Пока Зина собирала нехитрый дорожный обед, Людочка собственными усилиями отыскала на полке свой лысый каштан и начала обеими руками поднимать его выше носа и опускать вниз. Время от времени каштан оказывался возле самого рта девочки и скоро со всех сторон стал мокрым.
Ермолов достал из кармана погремушку, протянул девочке.
- Возьми, Людочка. Смотри, какая красивая!
- У нее дома есть такая, - заметил Володя.
А Зина почему-то растерялась в эту минуту, не знала, что сказать. И только когда Людочка уже прочно завладела новой игрушкой и, размахивая ручками, начала заливаться счастливым смехом, мать села ближе к девочке, смущенно посмотрела на Ермолова и сказала:
- Зачем вы беспокоились? Право, не нужно было.
Тогда Ермолов достал из другого кармана бутылку сливок.
- Мне кажется, это можно было бы дать девочке, - тихо сказал он.
Зина испуганно взглянула на мужа: "Что вы, что вы!.. Не нужно!.."
Володя тем временем придирчиво осматривал приготовленную закуску и тоже вынимал из кармана бутылку, только не со сливками. Зина покраснела и опустила глаза.
- Спасибо вам, - глубоко вздохнув, сказала она Ермолову.
- Я думаю, - говорил в это время Володя, - я думаю, что мы с коллегой... - Он оглянулся и увидел в руках у Зины сливки. - Где взяла?

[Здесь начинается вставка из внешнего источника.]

lemma cone_condition_imp_ex_interior_balls:
  assumes "0 < r" and "0 < s" and "cone_condition s d Z"
  obtains \<rho> where "0 < \<rho>" and "6 * \<rho> \<le> r" and "interior_balls r \<rho> Z"
proof -
  define \<alpha> where "\<alpha> = min 1 (r * s / (2 * (d\<^sup>2 + s\<^sup>2)))"
  have "0 < d\<^sup>2 + s\<^sup>2"
    using assms(2) by (simp add: add_nonneg_pos)
  then have "0 < \<alpha>" and "\<alpha> \<le> 1"
    using assms(1,2) by (auto simp: \<alpha>_def)
  have "\<alpha> \<le> r * s / (2 * (d\<^sup>2 + s\<^sup>2))"
    by (simp add: \<alpha>_def)
  then have small: "\<alpha> * (d\<^sup>2 + s\<^sup>2) \<le> r * s / 2"
    using \<open>0 < d\<^sup>2 + s\<^sup>2\<close> by (simp add: le_divide_eq algebra_simps)
  have "\<alpha> * s\<^sup>2 \<le> \<alpha> * (d\<^sup>2 + s\<^sup>2)"
    using \<open>0 < \<alpha>\<close> by simp
  then have "(\<alpha> * s) * s \<le> (r / 2) * s"
    using small by (simp add: power2_eq_square algebra_simps)
  then have "6 * (\<alpha> * s / 3) \<le> r"
    using assms(2) by simp
  moreover from \<open>0 < \<alpha>\<close> \<open>\<alpha> \<le> 1\<close> assms(2) small assms(3)
  have "interior_balls r (\<alpha> * s / 3) Z"
    by (rule cone_condition_imp_interior_balls)
  moreover have "0 < \<alpha> * s / 3"
    using \<open>0 < \<alpha>\<close> assms(2) by simp
  ultimately show ?thesis
    using that by blast
qed

theorem lemma1p6:
  fixes Z :: "'a::{real_inner,complete_space} set" and r :: real
  assumes "r > 0" and "prox_regular r Z"
  shows "(\<exists>\<rho>. 0 < \<rho> \<and> \<rho> < r / 5 \<and>
            (\<forall>x\<in>Z. \<exists>xb\<in>Z. (norm (x - xb))\<^sup>2 + \<rho>\<^sup>2 < 2 * r * \<rho> \<and> cball xb (3 * \<rho>) \<subseteq> Z))
     \<longleftrightarrow>
         (\<exists>s>0. \<exists>d>0. \<forall>x\<in>Z. \<exists>xs\<in>Z. norm (x - xs) \<le> d \<and>
            (\<forall>\<alpha>. 0 < \<alpha> \<and> \<alpha> \<le> 1 \<longrightarrow>
               (\<forall>v. norm v \<le> s \<longrightarrow> x + \<alpha> *\<^sub>R (xs - x) + \<alpha> *\<^sub>R v \<in> Z)))"
  unfolding interior_balls_def [symmetric] cone_condition_def [symmetric]
proof
  assume "\<exists>\<rho>. 0 < \<rho> \<and> \<rho> < r / 5 \<and> interior_balls r \<rho> Z"
  then obtain \<rho> where "0 < \<rho>" and "4 * \<rho> \<le> r" and "interior_balls r \<rho> Z"
    by auto
  then have "cone_condition \<rho> r Z"
    by (rule interior_balls_imp_cone_condition[OF assms(2)])
  then show "\<exists>s>0. \<exists>d>0. cone_condition s d Z"
    using \<open>0 < \<rho>\<close> assms(1) by blast
next
  assume "\<exists>s>0. \<exists>d>0. cone_condition s d Z"
  then obtain s d where "0 < s" and "cone_condition s d Z"
    by blast
  then obtain \<rho> where "0 < \<rho>" and "6 * \<rho> \<le> r" and "interior_balls r \<rho> Z"
    using cone_condition_imp_ex_interior_balls assms(1) by blast
  then show "\<exists>\<rho>. 0 < \<rho> \<and> \<rho> < r / 5 \<and> interior_balls r \<rho> Z"
    by (intro exI[of _ \<rho>]) simp
qed

end
(* Fix $L\in\mathbb R$. There are $c>0$ and $C\in\mathbb R$ such that for all $n$ large enough $$|Q^{(n)}_L(x,\xi)|\le Ce^{-c(x+\xi)}$$ for all $x\ge0$ and $\xi\in\mathbb R$.
   Context: $q_s^{(n)}(y)=\frac1{2\pi i}\oint_{\Gamma_0}\frac{dw}{w}w^y(1-w)^{n-s}(1+1/w)^s$, $\Gamma_0$ a small counterclockwise circle around $0$. $b_n(\tau)=n(1+1/\sqrt2)+2^{-1/6}\tau n^{2/3}$. Scaling (integer parts neglected): $i=2^{-5/6}xn^{1/3}$, $u=n/\sqrt2+2^{-5/6}\xi n^{1/3}$. $Q^{(n)}_L(x,\xi)=2^{-5/6}n^{1/3}2^{-n/2}(\sqrt2+1)^{i+2^{-5/6}\xi n^{1/3}-2^{-1/6}Ln^{2/3}}q^{(n)}_{b_n(L)/2}(u+i)$. *)

theory Defs
  imports "HOL-Complex_Analysis.Complex_Analysis"
begin

text \<open>The radius 1/2 is "small": the integrand
  is holomorphic on the punctured disc of radius 1 (the only other possible pole is w = 1).\<close>
definition q :: "nat \<Rightarrow> int \<Rightarrow> int \<Rightarrow> complex" where
  "q n s y = contour_integral (circlepath 0 (1/2))
      (\<lambda>w. w powi y * (1 - w) powi (int n - s) * (1 + 1 / w) powi s / w) / (2 * pi * \<i>)"

definition b :: "nat \<Rightarrow> real \<Rightarrow> real" where
  "b n \<tau> = real n * (1 + 1 / sqrt 2) + 2 powr (-1/6) * \<tau> * real n powr (2/3)"

definition iidx :: "nat \<Rightarrow> real \<Rightarrow> int" where
  "iidx n x = \<lfloor>2 powr (-5/6) * x * real n powr (1/3)\<rfloor>"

Ага. Вы купили? - Он криво улыбнулся соседу. - Ну ладно. Так я думаю, что мы с вами примем перед обедом по служебной. А? Едва успел схватить в буфете. Достань, Зина, стаканы.
- Я не пью, - сказал Ермолов, поглядывая на столик, - разве уж только за компанию. - Он невольно повернулся к хозяйке.
- Садитесь с нами! - пригласила Зина, и Ермолов услышал в ее голосе благодарность и будто бы надежду на что-то хорошее. Он подумал, что Зина боится оставлять своего мужа одного с бутылкой, поэтому, поблагодарив хозяйку, полез доставать с верхней полки свой чемодан.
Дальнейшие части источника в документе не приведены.